→ Directions for this task: In the data below, find every line with the word "longrightarrow" and copy it out.

--- Dataset content ---

(* Let $\boldsymbol{A},\boldsymbol{B}\in\mathsf{ISL}$ and let $\mathbb{X},\mathbb{Y}$ be posets. (i) If $f\colon\boldsymbol{A}\to\boldsymbol{B}$ is a homomorphism, then $f_\ast\colon\boldsymbol{B}_\ast\rightharpoonup\boldsymbol{A}_\ast$ is a partial positive p-morphism. (ii) If $p\colon\mathbb{X}\rightharpoonup\mathbb{Y}$ is a partial positive p-morphism, then $\mathsf{Up}_{\mathsf{ISL}}(p)\colon\mathsf{Up}_{\mathsf{ISL}}(\mathbb{Y})\to\mathsf{Up}_{\mathsf{ISL}}(\mathbb{X})$ is a homomorphism.
   Context: $\mathsf{ISL}$ is the class of implicative semilattices $\langle A;\land,\to,1\rangle$: $\langle A;\land\rangle$ is a semilattice (order $a\le b$ iff $a\land b=a$) with maximum $1$ and $c\land a\le b\iff c\le a\to b$ for all $a,b,c$. A filter is a nonempty upset closed under $\land$; it is meet irreducible if proper and not the intersection of two filters both different from it; $\boldsymbol{A}_\ast$ is the poset of meet irreducible filters under inclusion. A partial function $p\colon X\rightharpoonup Y$ is a function from $\mathsf{dom}(p)\subseteq X$ to $Y$; between posets it is order preserving if $x\le z$ in $\mathsf{dom}(p)$ implies $p(x)\le p(z)$. An order preserving $p\colon\mathbb{X}\rightharpoonup\mathbb{Y}$ is a partial positive p-morphism if whenever $x\in\mathsf{dom}(p)$, $y\in Y$, $p(x)\le y$, there is $z\in\mathsf{dom}(p)$ with $x\le z$ and $y=p(z)$. For a homomorphism $f$, $f_\ast$ has domain $\{F\in\boldsymbol{B}_\ast: f^{-1}[F]\in\boldsymbol{A}_\ast\}$ and $f_\ast(F)=f^{-1}[F]$. For a poset $\mathbb{X}$, $\mathsf{Up}_{\mathsf{ISL}}(\mathbb{X})=\langle\mathsf{Up}(\mathbb{X});\cap,\to,X\rangle$ with $\mathsf{Up}(\mathbb{X})$ the set of upsets and $U\to V=X\smallsetminus{\downarrow}(U\smallsetminus V)$; and $\mathsf{Up}_{\mathsf{ISL}}(p)(U)=X\smallsetminus{\downarrow}p^{-1}[Y\smallsetminus U]$. *)

theory Defs
  imports Main
begin

definition isl_le :: "('a \<Rightarrow> 'a \<Rightarrow> 'a) \<Rightarrow> 'a \<Rightarrow> 'a \<Rightarrow> bool" where
  "isl_le meet a b \<longleftrightarrow> meet a b = a"

definition is_isl :: "'a set \<Rightarrow> ('a \<Rightarrow> 'a \<Rightarrow> 'a) \<Rightarrow> ('a \<Rightarrow> 'a \<Rightarrow> 'a) \<Rightarrow> 'a \<Rightarrow> bool" where
  "is_isl A meet imp one \<longleftrightarrow>
     one \<in> A \<and>
     (\<forall>a\<in>A. \<forall>b\<in>A. meet a b \<in> A \<and> imp a b \<in> A) \<and>
     (\<forall>a\<in>A. \<forall>b\<in>A. \<forall>c\<in>A. meet (meet a b) c = meet a (meet b c)) \<and>
     (\<forall>a\<in>A. \<forall>b\<in>A. meet a b = meet b a) \<and>
     (\<forall>a\<in>A. meet a a = a) \<and>
     (\<forall>a\<in>A. isl_le meet a one) \<and>
     (\<forall>a\<in>A. \<forall>b\<in>A. \<forall>c\<in>A. isl_le meet (meet c a) b \<longleftrightarrow> isl_le meet c (imp a b))"

definition isl_hom ::
  "'a set \<Rightarrow> ('a \<Rightarrow> 'a \<Rightarrow> 'a) \<Rightarrow> ('a \<Rightarrow> 'a \<Rightarrow> 'a) \<Rightarrow> 'a \<Rightarrow>
   'b set \<Rightarrow> ('b \<Rightarrow> 'b \<Rightarrow> 'b) \<Rightarrow> ('b \<Rightarrow> 'b \<Rightarrow> 'b) \<Rightarrow> 'b \<Rightarrow> ('a \<Rightarrow> 'b) \<Rightarrow> bool" where
  "isl_hom A meetA impA oneA B meetB impB oneB f \<longleftrightarrow>
     (\<forall>a\<in>A. f a \<in> B) \<and>
     (\<forall>a\<in>A. \<forall>b\<in>A. f (meetA a b) = meetB (f a) (f b)) \<and>
     (\<forall>a\<in>A. \<forall>b\<in>A. f (impA a b) = impB (f a) (f b)) \<and>
     f oneA = oneB"

definition isl_filter :: "'a set \<Rightarrow> ('a \<Rightarrow> 'a \<Rightarrow> 'a) \<Rightarrow> 'a set \<Rightarrow> bool" where
  "isl_filter A meet F \<longleftrightarrow>
     F \<subseteq> A \<and> F \<noteq> {} \<and>
     (\<forall>a\<in>F. \<forall>b\<in>A. isl_le meet a b \<longrightarrow> b \<in> F) \<and>
     (\<forall>a\<in>F. \<forall>b\<in>F. meet a b \<in> F)"

definition meet_irreducible_filter :: "'a set \<Rightarrow> ('a \<Rightarrow> 'a \<Rightarrow> 'a) \<Rightarrow> 'a set \<Rightarrow> bool" where
  "meet_irreducible_filter A meet F \<longleftrightarrow>
     isl_filter A meet F \<and> F \<noteq> A \<and>
     \<not> (\<exists>G H. isl_filter A meet G \<and> isl_filter A meet H \<and> G \<noteq> F \<and> H \<noteq> F \<and> F = G \<inter> H)"

definition mi_filters :: "'a set \<Rightarrow> ('a \<Rightarrow> 'a \<Rightarrow> 'a) \<Rightarrow> 'a set set" where
  "mi_filters A meet = {F. meet_irreducible_filter A meet F}"

definition is_poset :: "'x set \<Rightarrow> ('x \<Rightarrow> 'x \<Rightarrow> bool) \<Rightarrow> bool" where
  "is_poset X le \<longleftrightarrow>
     (\<forall>x\<in>X. le x x) \<and>
     (\<forall>x\<in>X. \<forall>y\<in>X. le x y \<and> le y x \<longrightarrow> x = y) \<and>
     (\<forall>x\<in>X. \<forall>y\<in>X. \<forall>z\<in>X. le x y \<and> le y z \<longrightarrow> le x z)"

definition partial_fun :: "'x set \<Rightarrow> 'y set \<Rightarrow> ('x \<Rightarrow> 'y option) \<Rightarrow> bool" where
  "partial_fun X Y p \<longleftrightarrow> dom p \<subseteq> X \<and> ran p \<subseteq> Y"

definition partial_order_preserving ::
  "'x set \<Rightarrow> ('x \<Rightarrow> 'x \<Rightarrow> bool) \<Rightarrow> 'y set \<Rightarrow> ('y \<Rightarrow> 'y \<Rightarrow> bool) \<Rightarrow> ('x \<Rightarrow> 'y option) \<Rightarrow> bool" where
  "partial_order_preserving X leX Y leY p \<longleftrightarrow>
     partial_fun X Y p \<and>
     (\<forall>x\<in>dom p. \<forall>z\<in>dom p. leX x z \<longrightarrow> leY (the (p x)) (the (p z)))"

definition partial_positive_pmorphism ::
  "'x set \<Rightarrow> ('x \<Rightarrow> 'x \<Rightarrow> bool) \<Rightarrow> 'y set \<Rightarrow> ('y \<Rightarrow> 'y \<Rightarrow> bool) \<Rightarrow> ('x \<Rightarrow> 'y option) \<Rightarrow> bool" where
  "partial_positive_pmorphism X leX Y leY p \<longleftrightarrow>
     partial_order_preserving X leX Y leY p \<and>
     (\<forall>x\<in>dom p. \<forall>y\<in>Y. leY (the (p x)) y \<longrightarrow>
        (\<exists>z\<in>dom p. leX x z \<and> y = the (p z)))"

---

→ Solution to this problem:
     (\<forall>a\<in>F. \<forall>b\<in>A. isl_le meet a b \<longrightarrow> b \<in> F) \<and>
     (\<forall>x\<in>X. \<forall>y\<in>X. le x y \<and> le y x \<longrightarrow> x = y) \<and>
     (\<forall>x\<in>X. \<forall>y\<in>X. \<forall>z\<in>X. le x y \<and> le y z \<longrightarrow> le x z)"
     (\<forall>x\<in>dom p. \<forall>z\<in>dom p. leX x z \<longrightarrow> leY (the (p x)) (the (p z)))"
     (\<forall>x\<in>dom p. \<forall>y\<in>Y. leY (the (p x)) y \<longrightarrow>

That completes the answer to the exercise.